С. Добров невозмутимо мне объяснил, что А. жил на {141} содержании женщины, с которой не поладил, и у них произошла "неприятность". Он говорил это равнодушным тоном, как всегда пыхтя и отдуваясь. Заметив впечатление, которое на меня его рассказ произвел, он начал смеяться, трясясь всем животом: "Эх вы, дитё". С. Добров видел столько оборотных сторон и столько метаморфоз, что мог быть не очень чувствителен к студенческим подвигам и громким словам. С С. Добровым мне пришлось много совместно работать. Студенческое желание делать совместно полезное дело опасным ему не казалось. Правда, это запрещали формальные препятствия, но их можно всегда обойти. "Делайте это совокупно, но не коллективно, - объяснял он нам без всякой иронии, - коллективные действия ведь не дозволяются". Этот инспектор, как и попечитель, были администраторами старой Москвы, для которых Петербургские законы еще не были писаны.
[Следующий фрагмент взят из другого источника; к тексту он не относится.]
lemma finite_set_pmf_step:
  fixes f :: "nat \<Rightarrow> 'x \<Rightarrow> ('p::finite \<Rightarrow> 'u::finite) \<Rightarrow> 'w::finite \<Rightarrow> 'x \<times> ('p \<Rightarrow> 'z) \<times> ('p \<Rightarrow> real)"
  shows "finite (set_pmf (step f PW p t s))"
  by (auto simp: step_def split: prod.splits)

lemma finite_set_pmf_run:
  fixes P0 :: "('x::finite \<times> ('p::finite \<Rightarrow> 'h::finite)) pmf"
    and f :: "nat \<Rightarrow> 'x \<Rightarrow> ('p \<Rightarrow> 'u::finite) \<Rightarrow> 'w::finite \<Rightarrow> 'x \<times> ('p \<Rightarrow> 'z) \<times> ('p \<Rightarrow> real)"
  shows "finite (set_pmf (run P0 f PW p n))"
  by (induction n) (simp_all add: init_state_def finite_set_pmf_step)

lemma expectation_step:
  fixes f :: "nat \<Rightarrow> 'x \<Rightarrow> ('p::finite \<Rightarrow> 'u::finite) \<Rightarrow> 'w::finite \<Rightarrow> 'x \<times> ('p \<Rightarrow> 'z) \<times> ('p \<Rightarrow> real)"
  shows "measure_pmf.expectation (step f PW p t (x, h, c)) (\<lambda>(x, h, c). c j)
       = c j + measure_pmf.expectation (Pi_pmf UNIV undefined (\<lambda>l. p l t (h l)))
                 (\<lambda>u. measure_pmf.expectation (PW t) (\<lambda>w. snd (snd (f t x u w)) j))"
proof -
  have "measure_pmf.expectation (case f t x u w of (x', z, r) \<Rightarrow>
            return_pmf (x', \<lambda>i. (fst (h i), snd (h i) @ [z i]), \<lambda>i. c i + r i)) (\<lambda>(x, h, c). c j)
        = c j + snd (snd (f t x u w)) j" for u w
    by (cases "f t x u w") simp
  then have "measure_pmf.expectation (step f PW p t (x, h, c)) (\<lambda>(x, h, c). c j)
      = measure_pmf.expectation (Pi_pmf UNIV undefined (\<lambda>l. p l t (h l)))
          (\<lambda>u. measure_pmf.expectation (PW t) (\<lambda>w. c j + snd (snd (f t x u w)) j))"
    unfolding step_def by (simp add: expectation_bind_pmf_finite split: prod.split)
  then show ?thesis by (simp add: expectation_add_const_finite)
qed

type_synonym ('x, 'p, 'h, 'z, 'k) view = "('x \<times> ('p \<Rightarrow> ('h, 'z) hist)) \<times> 'k"

locale compressed_game =
  fixes P0 :: "('x::finite \<times> ('p::finite \<Rightarrow> 'h::finite)) pmf"
    and f :: "nat \<Rightarrow> 'x \<Rightarrow> ('p \<Rightarrow> 'u::finite) \<Rightarrow> 'w::finite \<Rightarrow> 'x \<times> ('p \<Rightarrow> 'z) \<times> ('p \<Rightarrow> real)"
    and PW :: "nat \<Rightarrow> 'w pmf"
    and iota1 :: "'p \<Rightarrow> 'h \<Rightarrow> 'k"
    and iota :: "nat \<Rightarrow> 'p \<Rightarrow> 'k \<Rightarrow> 'z \<Rightarrow> 'k"
    and i :: 'p
begin
lemma Prob_Suc: "Prob (Suc s) E = (\<Sum>(xs, ys)\<in>Omega W s. \<Sum>x\<in>W. \<Sum>y\<in>W.
    if E (xs @ [x], ys @ [y]) then J s (xs, ys) * chain_step p1 Q xs x * q (Suc s) (xs @ [x]) ys y else 0)"
  unfolding Pr_eq_sum_if[OF finite_Omega] sum_Omega_Suc
proof (rule sum.cong[OF refl], clarify)
  fix xs ys
  assume "(xs, ys) \<in> Omega W s"
  then have "length xs = s" "length ys = s"
    unfolding Omega_def lists_n_def by auto
  then show "(\<Sum>x\<in>W. \<Sum>y\<in>W. if E (xs @ [x], ys @ [y]) then J (Suc s) (xs @ [x], ys @ [y]) else 0)
    = (\<Sum>x\<in>W. \<Sum>y\<in>W. if E (xs @ [x], ys @ [y]) then J s (xs, ys) * chain_step p1 Q xs x * q (Suc s) (xs @ [x]) ys y else 0)"
    by (intro sum.cong refl) (simp add: joint_snoc)
qed

lemma Omega_take:
  assumes "s \<le> n" "(xs, ys) \<in> Omega W n"
  shows "(take s xs, take s ys) \<in> Omega W s"
  using assms unfolding Omega_def lists_n_def by (auto dest: in_set_takeD)

lemma Omega_nth:
  assumes "s < n" "(xs, ys) \<in> Omega W n"
  shows "xs ! s \<in> W" "ys ! s \<in> W"
  using assms unfolding Omega_def lists_n_def by auto

lemma sum_Prob_release:
  assumes "s < n"
  shows "(\<Sum>y\<in>W. Prob n (\<lambda>\<omega>. E \<omega> \<and> snd \<omega> ! s = y)) = Prob n E"
  by (rule sum_Pr_partition[OF finite_Omega finite_W]) (use Omega_nth[OF assms] in auto)

lemma sum_Prob_history:
  assumes "s \<le> n"
  shows "(\<Sum>w\<in>lists_n W s. Prob n (\<lambda>\<omega>. E \<omega> \<and> take s (snd \<omega>) = w)) = Prob n E"
  by (rule sum_Pr_partition[OF finite_Omega finite_lists_n])
    (use Omega_take[OF assms] in \<open>auto simp: Omega_def\<close>)

lemma Prob_take_eq_joint:
  assumes "s \<le> n" "(u, w) \<in> Omega W s"
  shows "Prob n (\<lambda>(xs, ys). take s xs = u \<and> take s ys = w) = J s (u, w)"
proof -
  have "Prob n (\<lambda>(xs, ys). take s xs = u \<and> take s ys = w) = Prob s (\<lambda>\<omega>. \<omega> = (u, w))"
    by (rule Prob_take[OF assms(1)]) auto
  then show ?thesis
    using Prob_point[OF assms(2)] by simp
qed
lemma
  assumes "parallelogram_shape P h c b pr qr"
  shows parallelogram_shape_deco_step:
      "a \<le> h \<Longrightarrow> \<exists>c b pr qr. parallelogram_shape (deco_step P a) (if a = 0 then Suc h else a) c b pr qr"
    and upper_descent_deco_step_overlong: "h < a \<Longrightarrow> upper_descent (deco_step P a)"
proof -
  note leftmost = parallelogram_shape_leftmost[OF assms]
  show "\<exists>c b pr qr. parallelogram_shape (deco_step P a) (if a = 0 then Suc h else a) c b pr qr"
    if "a \<le> h"
  proof (cases "a = 0")
    case True
    then show ?thesis
      using parallelogram_shape_elevation[OF assms] deco_step_elevation[OF leftmost] by auto
  next
    case False
    then show ?thesis
      using parallelogram_shape_paste[OF assms _ that] deco_step_paste[OF leftmost, of a] by auto
  qed
  show "upper_descent (deco_step P a)" if "h < a"
    using parallelogram_shape_overlong_paste[OF assms that] deco_step_paste[OF leftmost, of a] that by simp
qed

section \<open>Codes whose pastes fit\<close>

text \<open>A code is the list \<open>(a\<^sub>n, \<dots>, a\<^sub>1)\<close>, i.e. the reversed list of steps. If all pastes fit,
  \<open>leftmost_height\<close> is the height of the leftmost column of the polyomino built from it; the last
  entry \<open>a\<^sub>1\<close> always produces a single cell, whatever its value.\<close>
fun leftmost_height :: "nat list \<Rightarrow> nat" where
  "leftmost_height [] = 0"
| "leftmost_height (a # code) = (if code = [] then 1 else if a = 0 then Suc (leftmost_height code) else a)"

fun pastes_fit :: "nat list \<Rightarrow> bool" where
  "pastes_fit [] = True"
| "pastes_fit (a # code) \<longleftrightarrow> pastes_fit code \<and> (code \<noteq> [] \<and> a \<noteq> 0 \<longrightarrow> a \<le> leftmost_height code)"
theorem mainTheorem1:
  fixes d :: nat
  assumes "d \<ge> 1"
  shows
   "(\<forall>X. point_cloud d X \<longrightarrow>
        0 \<le> distortion X eucl_dist bures_dist amp_enc \<and>
        distortion X eucl_dist bures_dist amp_enc
          \<le> max (diam_fin X eucl_dist) (diam_fin (amp_enc ` X) bures_dist))
    \<and> (\<exists>X. point_cloud d X \<and> distortion X eucl_dist bures_dist amp_enc = 0)
    \<and> (\<exists>X. point_cloud d X \<and> distortion X eucl_dist bures_dist amp_enc = diam_fin X eucl_dist)
    \<and> (\<exists>N::nat. \<forall>\<epsilon>::real. 0 < \<epsilon> \<and> \<epsilon> < 1 \<longrightarrow>
         (\<exists>X. point_cloud d X \<and> card X = N \<and>
              distortion X eucl_dist bures_dist amp_enc
                = diam_fin (amp_enc ` X) bures_dist - \<epsilon>))
    \<and> (\<forall>X. point_cloud d X \<longrightarrow>
        0 \<le> sf_distortion X eucl_dist bures_dist amp_enc \<and>
        sf_distortion X eucl_dist bures_dist amp_enc
          \<le> max (diam_fin X eucl_dist) (diam_fin (amp_enc ` X) bures_dist))
    \<and> (\<exists>X. point_cloud d X \<and> sf_distortion X eucl_dist bures_dist amp_enc = 0)
    \<and> (\<exists>X. point_cloud d X \<and> sf_distortion X eucl_dist bures_dist amp_enc = diam_fin X eucl_dist)
    \<and> (\<exists>Xs :: nat \<Rightarrow> real vec set.
         (\<forall>n. point_cloud d (Xs n)) \<and> (\<exists>c. \<forall>n. card (Xs n) = c) \<and>
         filterlim (\<lambda>n. sf_distortion (Xs n) eucl_dist bures_dist amp_enc) at_top sequentially)"
proof -
  let ?orth = "\<lambda>r::real. {(3 * r / 5) \<cdot>\<^sub>v unit_vec (2 ^ d) 0, (4 * r / 5) \<cdot>\<^sub>v unit_vec (2 ^ d) 1}"
  let ?par = "\<lambda>r::real. {r \<cdot>\<^sub>v unit_vec (2 ^ d) 0, (2 * r) \<cdot>\<^sub>v unit_vec (2 ^ d) 0}"
  note orth = orthogonal_pair_cloud[OF assms] and par = parallel_pair_cloud
  have sf_orth: "sf_distortion (?orth 1) eucl_dist bures_dist amp_enc = 0"
    using orth(3)[of 1] point_cloud_sf_distortion_bounds[OF orth(1)[of 1]]
      sf_distortion_nonneg_le_distortion[of "?orth 1" eucl_dist bures_dist amp_enc] by simp
  have "filterlim (\<lambda>k. real (Suc k)) at_top sequentially"
    using filterlim_real_sequentially by (subst filterlim_sequentially_Suc)
  then have lim: "filterlim (\<lambda>k. sf_distortion (?par (real (Suc k))) eucl_dist bures_dist amp_enc)
      at_top sequentially"
    by (simp only: par(4) of_nat_0_less_iff zero_less_Suc)
  show ?thesis
  proof (intro conjI)
    show "\<exists>X. point_cloud d X \<and> distortion X eucl_dist bures_dist amp_enc = 0"
      using orth(1,3)[of 1] by force
    show "\<exists>X. point_cloud d X \<and> sf_distortion X eucl_dist bures_dist amp_enc = 0"
      using orth(1)[of 1] sf_orth by force
    show "\<exists>X. point_cloud d X \<and> distortion X eucl_dist bures_dist amp_enc = diam_fin X eucl_dist"
      using par(1,3,5)[of 1] by force
    show "\<exists>X. point_cloud d X \<and> sf_distortion X eucl_dist bures_dist amp_enc = diam_fin X eucl_dist"
      using par(1,4,5)[of 1] by force
    show "\<exists>N::nat. \<forall>\<epsilon>::real. 0 < \<epsilon> \<and> \<epsilon> < 1 \<longrightarrow>
        (\<exists>X. point_cloud d X \<and> card X = N \<and>
          distortion X eucl_dist bures_dist amp_enc = diam_fin (amp_enc ` X) bures_dist - \<epsilon>)"
      using orth by (intro exI[of _ 2] allI impI) (rule exI, auto)
    show "\<exists>Xs. (\<forall>n. point_cloud d (Xs n)) \<and> (\<exists>c. \<forall>n. card (Xs n) = c) \<and>
        filterlim (\<lambda>n. sf_distortion (Xs n) eucl_dist bures_dist amp_enc) at_top sequentially"
      using par(1,2)[where r = "real (Suc k)" for k] lim
      by (intro exI[of _ "\<lambda>k. ?par (real (Suc k))"] conjI allI exI[of _ 2]) auto
  qed (use point_cloud_distortion_bounds point_cloud_sf_distortion_bounds in blast)+
qed

end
Я меньше знал попечителя, гр. Капниста, хотя уже был ему стольким обязан. Личной близости у меня с ним, по его положению, быть не могло. Что мне потом на него всего больше открыло глаза, был "дневник" Боголепова, который я читал уже после 1905 г., напечатанный после его смерти, не то на правах рукописи, не то в период безграничной свободы печати без всякого права. Боголепов, тогда еще ректор или даже только профессор, со злобой отзывался о "либерализме" Капниста, который будто бы мешал завести в Университете порядок. Фигура самого Боголепова для меня не ясна. У него был горячий поклонник, проф. Н. А. Зверев, который даже его курс Истории римского права превозносил, как педагогический или научный шедевр. Со Зверевым мы были очень близки по обоюдной страсти к охоте; он часто мне о нем с похвалой говорил. Но Боголепов во всяком случае был испечен из другого теста, чем Капнист, Добров и другие патриархальные, {142} добродушные администраторы старой формации.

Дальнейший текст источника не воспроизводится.